(Stored items)
——————

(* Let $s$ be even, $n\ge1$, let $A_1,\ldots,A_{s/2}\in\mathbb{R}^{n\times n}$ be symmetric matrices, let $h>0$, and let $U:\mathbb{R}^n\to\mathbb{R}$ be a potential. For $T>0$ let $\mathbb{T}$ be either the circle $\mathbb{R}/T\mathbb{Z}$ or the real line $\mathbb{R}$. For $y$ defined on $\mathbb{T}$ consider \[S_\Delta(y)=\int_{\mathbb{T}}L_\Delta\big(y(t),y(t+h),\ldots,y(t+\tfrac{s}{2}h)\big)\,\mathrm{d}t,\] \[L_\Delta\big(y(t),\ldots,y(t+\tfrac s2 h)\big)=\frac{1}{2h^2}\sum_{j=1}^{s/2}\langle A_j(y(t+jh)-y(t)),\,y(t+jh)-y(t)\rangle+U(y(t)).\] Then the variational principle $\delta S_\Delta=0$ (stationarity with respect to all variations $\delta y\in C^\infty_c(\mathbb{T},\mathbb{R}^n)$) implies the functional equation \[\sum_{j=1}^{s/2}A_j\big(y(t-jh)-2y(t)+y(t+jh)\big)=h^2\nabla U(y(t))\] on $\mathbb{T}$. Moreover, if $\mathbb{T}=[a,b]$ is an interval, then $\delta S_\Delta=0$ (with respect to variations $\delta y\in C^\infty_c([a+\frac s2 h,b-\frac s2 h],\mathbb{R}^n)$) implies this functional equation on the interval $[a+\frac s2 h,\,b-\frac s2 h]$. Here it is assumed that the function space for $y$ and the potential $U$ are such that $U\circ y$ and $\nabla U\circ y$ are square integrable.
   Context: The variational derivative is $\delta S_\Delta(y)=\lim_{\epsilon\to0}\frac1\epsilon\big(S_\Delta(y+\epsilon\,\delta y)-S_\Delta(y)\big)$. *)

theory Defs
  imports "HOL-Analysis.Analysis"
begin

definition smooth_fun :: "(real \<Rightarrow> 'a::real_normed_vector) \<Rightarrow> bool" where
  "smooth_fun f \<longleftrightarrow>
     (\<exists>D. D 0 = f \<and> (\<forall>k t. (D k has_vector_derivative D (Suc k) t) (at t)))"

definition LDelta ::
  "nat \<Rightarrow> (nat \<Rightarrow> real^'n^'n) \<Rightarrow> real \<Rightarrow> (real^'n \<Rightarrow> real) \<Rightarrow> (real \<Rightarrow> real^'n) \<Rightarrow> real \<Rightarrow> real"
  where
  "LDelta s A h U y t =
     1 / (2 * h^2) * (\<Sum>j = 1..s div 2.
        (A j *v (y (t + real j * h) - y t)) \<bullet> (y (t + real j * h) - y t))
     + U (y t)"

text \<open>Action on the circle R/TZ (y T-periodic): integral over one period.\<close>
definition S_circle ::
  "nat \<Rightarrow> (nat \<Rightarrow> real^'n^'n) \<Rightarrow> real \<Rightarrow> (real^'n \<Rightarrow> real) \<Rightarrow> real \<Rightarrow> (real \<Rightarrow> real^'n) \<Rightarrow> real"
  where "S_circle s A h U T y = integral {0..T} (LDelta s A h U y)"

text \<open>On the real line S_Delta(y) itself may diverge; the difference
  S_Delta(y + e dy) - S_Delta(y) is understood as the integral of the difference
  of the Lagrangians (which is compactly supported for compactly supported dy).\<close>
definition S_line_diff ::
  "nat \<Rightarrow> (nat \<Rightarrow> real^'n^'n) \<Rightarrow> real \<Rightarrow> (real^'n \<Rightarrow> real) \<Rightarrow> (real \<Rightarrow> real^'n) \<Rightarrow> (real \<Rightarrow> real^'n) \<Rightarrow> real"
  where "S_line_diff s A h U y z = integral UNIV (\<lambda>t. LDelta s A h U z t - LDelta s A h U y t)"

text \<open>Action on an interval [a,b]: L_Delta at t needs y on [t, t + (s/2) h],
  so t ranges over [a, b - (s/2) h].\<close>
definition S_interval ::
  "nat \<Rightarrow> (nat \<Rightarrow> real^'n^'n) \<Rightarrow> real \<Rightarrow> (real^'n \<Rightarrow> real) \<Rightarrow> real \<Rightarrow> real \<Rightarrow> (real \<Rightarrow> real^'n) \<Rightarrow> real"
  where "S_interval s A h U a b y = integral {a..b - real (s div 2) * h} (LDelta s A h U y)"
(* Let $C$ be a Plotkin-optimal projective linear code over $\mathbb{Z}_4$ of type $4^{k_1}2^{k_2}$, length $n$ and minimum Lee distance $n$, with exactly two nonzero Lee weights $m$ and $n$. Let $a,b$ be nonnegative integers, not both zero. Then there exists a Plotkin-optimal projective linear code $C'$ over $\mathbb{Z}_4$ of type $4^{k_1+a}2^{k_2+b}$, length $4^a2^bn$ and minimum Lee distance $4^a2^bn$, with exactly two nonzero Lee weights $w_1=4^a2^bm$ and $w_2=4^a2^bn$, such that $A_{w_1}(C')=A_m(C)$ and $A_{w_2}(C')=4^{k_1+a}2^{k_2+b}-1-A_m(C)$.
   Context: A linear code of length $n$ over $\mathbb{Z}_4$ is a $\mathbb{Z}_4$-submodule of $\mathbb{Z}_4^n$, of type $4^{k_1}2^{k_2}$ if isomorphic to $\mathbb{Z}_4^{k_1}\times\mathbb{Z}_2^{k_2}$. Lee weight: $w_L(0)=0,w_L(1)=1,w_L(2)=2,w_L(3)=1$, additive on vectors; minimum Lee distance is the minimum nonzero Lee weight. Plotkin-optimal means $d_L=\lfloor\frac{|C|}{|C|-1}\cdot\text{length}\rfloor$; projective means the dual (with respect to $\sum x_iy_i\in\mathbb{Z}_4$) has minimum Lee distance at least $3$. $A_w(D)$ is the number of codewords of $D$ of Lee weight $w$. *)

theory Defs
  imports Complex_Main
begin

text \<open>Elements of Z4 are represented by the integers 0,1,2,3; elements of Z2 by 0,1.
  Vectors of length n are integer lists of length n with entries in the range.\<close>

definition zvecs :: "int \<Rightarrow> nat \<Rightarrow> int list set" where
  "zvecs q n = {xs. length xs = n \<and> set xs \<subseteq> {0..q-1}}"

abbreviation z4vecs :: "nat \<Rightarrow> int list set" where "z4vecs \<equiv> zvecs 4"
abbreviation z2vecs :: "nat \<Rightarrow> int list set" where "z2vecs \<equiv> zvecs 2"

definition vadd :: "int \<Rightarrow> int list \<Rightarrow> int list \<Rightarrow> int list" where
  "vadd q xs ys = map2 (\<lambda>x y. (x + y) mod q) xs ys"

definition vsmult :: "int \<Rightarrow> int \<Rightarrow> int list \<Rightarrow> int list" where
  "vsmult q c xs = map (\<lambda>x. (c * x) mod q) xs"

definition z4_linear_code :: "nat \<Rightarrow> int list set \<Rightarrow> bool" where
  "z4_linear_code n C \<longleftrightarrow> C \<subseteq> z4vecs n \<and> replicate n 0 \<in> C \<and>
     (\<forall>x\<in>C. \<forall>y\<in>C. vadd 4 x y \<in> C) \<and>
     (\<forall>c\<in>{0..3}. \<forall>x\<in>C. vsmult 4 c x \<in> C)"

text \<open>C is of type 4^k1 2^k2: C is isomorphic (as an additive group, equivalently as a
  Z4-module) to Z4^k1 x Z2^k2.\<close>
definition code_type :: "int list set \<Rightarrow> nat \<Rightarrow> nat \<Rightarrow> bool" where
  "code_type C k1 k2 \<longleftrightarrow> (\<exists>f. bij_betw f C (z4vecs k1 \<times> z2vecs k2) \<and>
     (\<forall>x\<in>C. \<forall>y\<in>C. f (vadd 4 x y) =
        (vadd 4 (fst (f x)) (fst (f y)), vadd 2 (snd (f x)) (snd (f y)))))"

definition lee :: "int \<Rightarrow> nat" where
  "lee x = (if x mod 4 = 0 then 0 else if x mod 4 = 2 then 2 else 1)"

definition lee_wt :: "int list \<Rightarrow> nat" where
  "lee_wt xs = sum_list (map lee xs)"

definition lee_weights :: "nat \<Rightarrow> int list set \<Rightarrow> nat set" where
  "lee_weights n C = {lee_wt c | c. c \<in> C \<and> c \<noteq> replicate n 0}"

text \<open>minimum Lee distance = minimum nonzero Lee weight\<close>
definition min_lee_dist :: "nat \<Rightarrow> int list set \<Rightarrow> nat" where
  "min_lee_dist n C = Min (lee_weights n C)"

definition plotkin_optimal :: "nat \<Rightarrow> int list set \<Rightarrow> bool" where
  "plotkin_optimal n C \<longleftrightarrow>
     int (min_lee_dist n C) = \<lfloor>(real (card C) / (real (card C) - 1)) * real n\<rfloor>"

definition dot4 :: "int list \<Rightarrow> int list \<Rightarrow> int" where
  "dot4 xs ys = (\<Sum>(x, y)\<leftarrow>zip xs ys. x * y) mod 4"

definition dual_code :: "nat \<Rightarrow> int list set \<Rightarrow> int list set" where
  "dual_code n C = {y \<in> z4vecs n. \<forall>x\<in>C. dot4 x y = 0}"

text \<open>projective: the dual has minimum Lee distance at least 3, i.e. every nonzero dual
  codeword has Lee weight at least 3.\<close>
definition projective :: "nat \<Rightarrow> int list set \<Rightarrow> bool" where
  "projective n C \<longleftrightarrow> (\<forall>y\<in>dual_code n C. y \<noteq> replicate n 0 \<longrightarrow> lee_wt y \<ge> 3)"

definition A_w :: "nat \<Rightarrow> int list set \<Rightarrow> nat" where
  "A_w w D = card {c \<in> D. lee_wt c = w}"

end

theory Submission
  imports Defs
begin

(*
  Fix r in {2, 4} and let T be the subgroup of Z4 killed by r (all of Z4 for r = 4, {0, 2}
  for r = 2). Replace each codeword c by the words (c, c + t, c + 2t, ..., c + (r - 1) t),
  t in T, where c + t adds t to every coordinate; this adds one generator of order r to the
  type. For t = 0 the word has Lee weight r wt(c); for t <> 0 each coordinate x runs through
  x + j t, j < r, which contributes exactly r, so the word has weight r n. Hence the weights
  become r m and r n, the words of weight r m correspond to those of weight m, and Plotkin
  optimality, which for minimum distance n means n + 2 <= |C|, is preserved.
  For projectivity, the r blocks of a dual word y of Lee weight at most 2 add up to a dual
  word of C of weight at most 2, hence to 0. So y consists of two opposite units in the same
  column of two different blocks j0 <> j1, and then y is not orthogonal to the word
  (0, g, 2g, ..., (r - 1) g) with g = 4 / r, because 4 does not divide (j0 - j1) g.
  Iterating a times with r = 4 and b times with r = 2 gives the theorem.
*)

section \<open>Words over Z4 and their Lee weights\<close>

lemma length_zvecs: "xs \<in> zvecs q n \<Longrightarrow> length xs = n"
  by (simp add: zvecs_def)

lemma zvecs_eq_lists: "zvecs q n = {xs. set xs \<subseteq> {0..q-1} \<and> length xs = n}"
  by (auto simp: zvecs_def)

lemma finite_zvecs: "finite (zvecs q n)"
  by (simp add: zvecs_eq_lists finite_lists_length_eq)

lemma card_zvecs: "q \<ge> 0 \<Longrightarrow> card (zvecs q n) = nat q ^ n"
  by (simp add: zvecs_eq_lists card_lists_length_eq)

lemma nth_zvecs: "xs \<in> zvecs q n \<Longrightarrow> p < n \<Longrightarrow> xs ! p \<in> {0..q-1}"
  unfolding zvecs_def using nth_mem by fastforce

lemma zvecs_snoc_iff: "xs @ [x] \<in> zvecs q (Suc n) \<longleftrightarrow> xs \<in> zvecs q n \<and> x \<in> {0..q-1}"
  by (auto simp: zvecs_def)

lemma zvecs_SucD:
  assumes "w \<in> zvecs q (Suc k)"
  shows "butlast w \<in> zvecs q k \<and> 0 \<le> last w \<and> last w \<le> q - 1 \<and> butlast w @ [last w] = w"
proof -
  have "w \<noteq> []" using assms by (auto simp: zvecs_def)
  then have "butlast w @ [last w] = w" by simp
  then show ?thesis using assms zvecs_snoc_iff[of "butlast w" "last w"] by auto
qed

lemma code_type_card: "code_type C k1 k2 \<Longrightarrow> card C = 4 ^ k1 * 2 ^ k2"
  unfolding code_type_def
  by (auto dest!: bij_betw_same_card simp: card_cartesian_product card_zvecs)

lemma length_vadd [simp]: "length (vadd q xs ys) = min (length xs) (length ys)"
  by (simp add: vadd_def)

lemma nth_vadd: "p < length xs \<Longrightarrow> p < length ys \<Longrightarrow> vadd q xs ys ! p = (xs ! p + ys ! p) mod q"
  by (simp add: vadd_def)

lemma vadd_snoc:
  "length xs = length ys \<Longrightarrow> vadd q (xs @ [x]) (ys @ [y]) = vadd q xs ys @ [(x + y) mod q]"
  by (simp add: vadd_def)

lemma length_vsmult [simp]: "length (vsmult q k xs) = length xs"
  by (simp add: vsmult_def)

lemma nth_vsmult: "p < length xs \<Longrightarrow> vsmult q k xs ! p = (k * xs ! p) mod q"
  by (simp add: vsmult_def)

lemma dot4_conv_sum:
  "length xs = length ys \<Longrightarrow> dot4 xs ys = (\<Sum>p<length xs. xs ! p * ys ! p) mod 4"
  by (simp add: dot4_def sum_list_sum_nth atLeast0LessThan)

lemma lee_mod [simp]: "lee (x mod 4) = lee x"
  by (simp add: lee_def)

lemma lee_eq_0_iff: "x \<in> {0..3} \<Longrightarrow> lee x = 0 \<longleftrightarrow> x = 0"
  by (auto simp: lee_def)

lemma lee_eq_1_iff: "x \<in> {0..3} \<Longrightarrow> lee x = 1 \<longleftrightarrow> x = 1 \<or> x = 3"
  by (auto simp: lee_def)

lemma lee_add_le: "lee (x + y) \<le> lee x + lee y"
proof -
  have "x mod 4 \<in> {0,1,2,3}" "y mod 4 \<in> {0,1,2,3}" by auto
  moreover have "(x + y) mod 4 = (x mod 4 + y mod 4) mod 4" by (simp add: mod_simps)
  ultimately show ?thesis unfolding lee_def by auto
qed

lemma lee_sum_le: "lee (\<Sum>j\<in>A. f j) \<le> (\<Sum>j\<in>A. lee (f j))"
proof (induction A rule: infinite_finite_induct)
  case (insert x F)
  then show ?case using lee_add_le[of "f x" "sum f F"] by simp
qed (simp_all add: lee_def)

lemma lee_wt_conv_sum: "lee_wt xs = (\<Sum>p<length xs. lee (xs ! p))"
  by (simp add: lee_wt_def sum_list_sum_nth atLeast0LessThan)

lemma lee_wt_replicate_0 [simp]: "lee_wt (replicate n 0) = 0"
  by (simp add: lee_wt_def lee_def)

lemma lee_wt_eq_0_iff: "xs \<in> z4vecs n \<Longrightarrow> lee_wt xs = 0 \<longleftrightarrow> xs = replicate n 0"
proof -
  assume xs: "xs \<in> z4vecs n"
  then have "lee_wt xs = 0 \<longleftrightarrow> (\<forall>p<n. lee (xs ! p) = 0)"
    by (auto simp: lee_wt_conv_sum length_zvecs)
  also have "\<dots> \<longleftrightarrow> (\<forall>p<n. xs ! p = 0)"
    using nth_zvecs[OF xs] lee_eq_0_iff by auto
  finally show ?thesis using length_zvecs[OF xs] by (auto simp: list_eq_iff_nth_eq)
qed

——————

**Work instructions:** Lines to set down from above: the line with "z4vecs n. \<forall>x\<in>C.", the line with "For projectivity, the", and every line between, each exactly as written.

**Solution to this task:**
  "dual_code n C = {y \<in> z4vecs n. \<forall>x\<in>C. dot4 x y = 0}"

text \<open>projective: the dual has minimum Lee distance at least 3, i.e. every nonzero dual
  codeword has Lee weight at least 3.\<close>
definition projective :: "nat \<Rightarrow> int list set \<Rightarrow> bool" where
  "projective n C \<longleftrightarrow> (\<forall>y\<in>dual_code n C. y \<noteq> replicate n 0 \<longrightarrow> lee_wt y \<ge> 3)"

definition A_w :: "nat \<Rightarrow> int list set \<Rightarrow> nat" where
  "A_w w D = card {c \<in> D. lee_wt c = w}"

end

theory Submission
  imports Defs
begin

(*
  Fix r in {2, 4} and let T be the subgroup of Z4 killed by r (all of Z4 for r = 4, {0, 2}
  for r = 2). Replace each codeword c by the words (c, c + t, c + 2t, ..., c + (r - 1) t),
  t in T, where c + t adds t to every coordinate; this adds one generator of order r to the
  type. For t = 0 the word has Lee weight r wt(c); for t <> 0 each coordinate x runs through
  x + j t, j < r, which contributes exactly r, so the word has weight r n. Hence the weights
  become r m and r n, the words of weight r m correspond to those of weight m, and Plotkin
  optimality, which for minimum distance n means n + 2 <= |C|, is preserved.
  For projectivity, the r blocks of a dual word y of Lee weight at most 2 add up to a dual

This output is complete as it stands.